I have derived the inequality $$m_*(E_1\times E_2)\leq (m_*(E_1)+\epsilon)(m_*(E_2)+\epsilon).$$ To complete the proof, I proceed to make $\epsilon$ tend to zero. But I have one question here. Is it necessary to consider the case that both $E_1$ and $E_2$ have positive exterior measure? Why not let $\epsilon\to 0$ once we obtain the inequality? Thank you.
On
If $m_*(E_1)=0$, and $m_*(E_2)=\infty$, then we must prove $m_*(E_1\times E_2)=0$. However, one cannot attain this aim by letting in $$m_*(E_1\times E_2)\leq [m_*(E_1)+\epsilon][m_*(E_2)+\epsilon],$$ for the product on the right may go to infinity as $\epsilon\to 0$. Hence, we need to be careful if one of this two sets has exterior measure $0$.
It seems that the outer measure the author is working with is finite on bounded sets. (Can you confirm, please?)

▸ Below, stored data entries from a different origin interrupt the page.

(* Let $0<c<1/2$, and for integers $j\ge0$ set $c_j=c+c^2+\dots+c^j$ (so $c_0=0$). Then for every $B\in\mathcal F$ and every integer $m$ with $0\le m\le k:=\mu(B)$, $$g(m,B)\le 2c_1+2c_2+\dots+2c_{m-1}+c_m+c_m\,c_{k-m},$$ where $g(m,B)=\sum_{i\in\mathrm{OPT}^m_{\mathrm{large}}(B)}\sum_{B'\in\mathrm{Chain}[M(i),B]} c^{\,1+\mathrm{brank}(i,B')}$.
   Context: Let $U$ be a finite ground set with weight function $w:U\to\mathbb{R}_{\ge0}$ taking pairwise distinct values. Let $\mathcal F$ be a laminar family of subsets of $U$ (for any $A,B\in\mathcal F$: $A\subseteq B$, $B\subseteq A$, or $A\cap B=\emptyset$) with $U\in\mathcal F$; each $A\in\mathcal F$ has a positive integer capacity $\mu(A)$, with $\mu(A)<\mu(B)$ whenever $A\subsetneq B$. A set $X\subseteq U$ is independent iff $|X\cap A|\le\mu(A)$ for all $A\in\mathcal F$. For $i\in U$, $M(i)$ denotes the minimal member of $\mathcal F$ containing $i$. For $A\subseteq B$ in $\mathcal F$, $\mathrm{Chain}[A,B]$ is the sequence of all $B'\in\mathcal F$ with $A\subseteq B'\subseteq B$, ordered by inclusion from $A$ up to $B$. For $B\in\mathcal F$, $\mathrm{OPT}(B)$ is the maximum-weight independent subset of $B$, and $\mathrm{OPT}^m_{\mathrm{large}}(B)$ is the set of the $m$ largest-weight elements of $\mathrm{OPT}(B)$ (all of $\mathrm{OPT}(B)$ if it has fewer than $m$ elements). The backward rank $\mathrm{brank}(i,B)$ is the number of elements of $\mathrm{OPT}(B)$ of weight less than $w(i)$. Standing convention of the paper: by padding $U$ with dummy elements of infinitesimal weight, one assumes $|\mathrm{OPT}(B)|=\mu(B)$ for every $B\in\mathcal F$. *)

theory Defs
  imports Complex_Main
begin

definition laminar :: "'a set set \<Rightarrow> bool" where
  "laminar F \<longleftrightarrow> (\<forall>A\<in>F. \<forall>B\<in>F. A \<subseteq> B \<or> B \<subseteq> A \<or> A \<inter> B = {})"
(* Let $D_K$ be a relative $K$-entropy satisfying Properties (a), (b) and (c) below, and let $H_K$ be the associated conditional entropy, defined by one of the two forms below. Let $X=\{X_j\}$ be an arbitrary POVM on $\mathcal{H}_A$. Then for every density operator $\rho_{AB}$, $$H_K(X|B)\ge\log\frac{1}{c'(X)}+H_K(A|B),\qquad c'(X):=\max_j\mathrm{Tr}(X_j).$$
   Context: All Hilbert spaces are finite-dimensional; $\log$ has an arbitrary but fixed base. A relative $K$-entropy $D_K$ assigns to every pair $(S,T)$ of positive semidefinite operators on a common Hilbert space an extended real number $D_K(S\|T)$. Properties: (a) for every trace-preserving completely positive map (TPCPM) $\mathcal{E}$ (possibly between different spaces), $D_K(\mathcal{E}(S)\|\mathcal{E}(T))\le D_K(S\|T)$; (b) for positive semidefinite $S,T$ on $\mathcal{H}$ and $T'$ on $\mathcal{H}'$, $D_K(S\oplus 0\,\|\,T\oplus T')=D_K(S\|T)$; (c) for every constant $c>0$, $D_K(S\|cT)=D_K(S\|T)+\log\frac1c$. The conditional $K$-entropy of a density operator $\rho_{AB}$ is either $H_K(A|B)=-D_K(\rho_{AB}\|\mathbb{1}_A\otimes\rho_B)$ for all $\rho_{AB}$, or $H_K(A|B)=\max_{\sigma_B}[-D_K(\rho_{AB}\|\mathbb{1}_A\otimes\sigma_B)]$ for all $\rho_{AB}$, maximum over density operators $\sigma_B$. For a POVM $X=\{X_j\}$ on $\mathcal{H}_A$, let $\mathcal{X}:\rho_A\mapsto\sum_j|j\rangle\langle j|_X\,\mathrm{Tr}(X_j\rho_A)$ with $\{|j\rangle\}$ orthonormal in a register $\mathcal{H}_X$; $H_K(X|B)$ denotes $H_K$ of the state $(\mathcal{X}\otimes\mathcal{I})(\rho_{AB})$ (register $X$ given $B$). *)

theory Defs
  imports "Jordan_Normal_Form.Matrix" "HOL-Library.Extended_Real"
begin

text \<open>Operators on an n-dimensional Hilbert space are n x n complex matrices.
  Composite systems A B are indexed by (i,k) <-> i * dB + k.\<close>

definition mtrace :: "complex mat \<Rightarrow> complex" where
  "mtrace M = (\<Sum>i<dim_row M. M $$ (i, i))"

definition qform :: "nat \<Rightarrow> complex mat \<Rightarrow> (nat \<Rightarrow> complex) \<Rightarrow> complex" where
  "qform n M v = (\<Sum>i<n. \<Sum>j<n. cnj (v i) * M $$ (i, j) * v j)"

definition psd :: "nat \<Rightarrow> complex mat \<Rightarrow> bool" where
  "psd n M \<longleftrightarrow> M \<in> carrier_mat n n \<and>
     (\<forall>v. Im (qform n M v) = 0 \<and> Re (qform n M v) \<ge> 0)"

definition density :: "nat \<Rightarrow> complex mat \<Rightarrow> bool" where
  "density n M \<longleftrightarrow> psd n M \<and> mtrace M = 1"

definition kron :: "complex mat \<Rightarrow> complex mat \<Rightarrow> complex mat" where
  "kron P Q = mat (dim_row P * dim_row Q) (dim_col P * dim_col Q)
     (\<lambda>(i, j). P $$ (i div dim_row Q, j div dim_col Q) * Q $$ (i mod dim_row Q, j mod dim_col Q))"

definition dsum :: "complex mat \<Rightarrow> complex mat \<Rightarrow> complex mat" where
  "dsum S T = four_block_mat S (0\<^sub>m (dim_row S) (dim_col T)) (0\<^sub>m (dim_row T) (dim_col S)) T"

definition ptrace_A :: "nat \<Rightarrow> nat \<Rightarrow> complex mat \<Rightarrow> complex mat" where
  "ptrace_A dA dB R = mat dB dB (\<lambda>(k, l). \<Sum>i<dA. R $$ (i * dB + k, i * dB + l))"

text \<open>Trace-preserving completely positive maps from n x n to m x m operators.
  (id_k tensor E) acts blockwise on a (k*n) x (k*n) matrix (ancilla first).\<close>
definition id_tensor :: "nat \<Rightarrow> nat \<Rightarrow> nat \<Rightarrow> (complex mat \<Rightarrow> complex mat) \<Rightarrow> complex mat \<Rightarrow> complex mat" where
  "id_tensor k n m E M = mat (k * m) (k * m)
     (\<lambda>(i, j). E (mat n n (\<lambda>(s, t). M $$ ((i div m) * n + s, (j div m) * n + t))) $$ (i mod m, j mod m))"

If that's correct and if you have a close look at the reasoning for the special case you may figure out why some additional argument is necessary. In the discussion of the special case that one set has zero outer measure, the author is using the result of the original reasoning without hesitation for bounded sets. This makes sense to me only if he can conlude that then the second factor has finite measure.
The problem is that one set might have infinite measure, and $0\times \infty$ is undefined (wheras $a\times \infty = \infty$ for every $a>0$).